Does this mean that the self-test run is taking longer because it's... weeding out the unsuitable radicies? I think this makes sense given what I see in the resulting cfg files (at any given FFT length, the msec/iter (roughly) scales with the number of cores used even when the 4-core self test takes unexpectedly too much time overall.


Also, it seems important to note that all of the radicies that actually get saved in the mlucas.cfg when running -cpu 0:3 are evenly divisible by NTHREADS*2 (in this case, NTHREADS=4).

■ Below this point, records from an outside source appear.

lemma hY_taylor_y:
  assumes g: "fiber_integrable u v"
  shows "\<bar>hY x u (y + e) v - hY x u y v - e * h x u y v\<bar> \<le> hb 2 u v * e\<^sup>2"
proof -
  have *: "\<bar>hY x u b v - hY x u a v - (b - a) * h x u z v\<bar> \<le> hb 2 u v * (b - a) * (b - a)"
    if ab: "a \<le> b" "a \<le> z" "z \<le> b" for a b z
  proof -
    have int: "integrable lborel (\<lambda>t. indicator {a<..b} t * (h x u t v - h x u z v))"
      by (auto simp: right_diff_distrib integrable_indicator_Ioc
          intro!: fiber_integrable_indicator g integrable_real_mult_indicator)
    have "(\<integral>t. indicator {a<..b} t * (h x u t v - h x u z v) \<partial>lborel) =
          (\<integral>t. indicator {a<..b} t * h x u t v \<partial>lborel) - (\<integral>t. indicator {a<..b} t * h x u z v \<partial>lborel)"
      by (subst Bochner_Integration.integral_diff[symmetric])
         (auto simp: right_diff_distrib integrable_indicator_Ioc
           intro!: fiber_integrable_indicator g integrable_real_mult_indicator)
    also have "\<dots> = hY x u b v - hY x u a v - (b - a) * h x u z v"
      using ab integrable_indicator_Ioc hY_diff_eq_integral[OF g ab(1)] by simp
    finally have "\<bar>hY x u b v - hY x u a v - (b - a) * h x u z v\<bar>
        = \<bar>\<integral>t. indicator {a<..b} t * (h x u t v - h x u z v) \<partial>lborel\<bar>" by simp
    also have "\<dots> \<le> (hb 2 u v * (b - a)) * (b - a)"
    proof (rule abs_integral_Ioc_le[OF ab(1) int])
      fix t assume "a < t" "t \<le> b"
      then have "hb 2 u v * \<bar>t - z\<bar> \<le> hb 2 u v * (b - a)"
        using ab bounds_nonneg[of 2 u v] by (auto intro!: mult_left_mono)
      then show "\<bar>h x u t v - h x u z v\<bar> \<le> hb 2 u v * (b - a)"
        using h_lipschitz[of x u t v x z] by simp
    qed
    finally show ?thesis by simp
  qed
  show ?thesis
  proof (cases "e \<ge> 0")
    case True
    thus ?thesis using *[of y "y + e" y] by (simp add: power2_eq_square mult.assoc)
  next
    case False
    then have "\<bar>hY x u y v - hY x u (y + e) v - (y - (y + e)) * h x u y v\<bar>
        \<le> hb 2 u v * (y - (y + e)) * (y - (y + e))"
      by (intro *) auto
    thus ?thesis by (simp add: power2_eq_square abs_minus_commute algebra_simps)
  qed
qed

here's some of the output with the radix sets that gave the "this will hurt perforamnce" message (these runs seem to take about 50% more time than the other runs at the same FFT size):

M43765019: using FFT length 2304K = 2359296 8-byte floats, initial residue shift count = 29224505
this gives an average 18.550033145480686 bits per digit
Using complex FFT radices 36 32 32 32
mers_mod_square: radix0/2 not exactly divisible by NTHREADS - This will hurt performance.

M48515021: using FFT length 2560K = 2621440 8-byte floats, initial residue shift count = 31467905
this gives an average 18.507011795043944 bits per digit
Using complex FFT radices 20 16 16 16 16
mers_mod_square: radix0/2 not exactly divisible by NTHREADS - This will hurt performance.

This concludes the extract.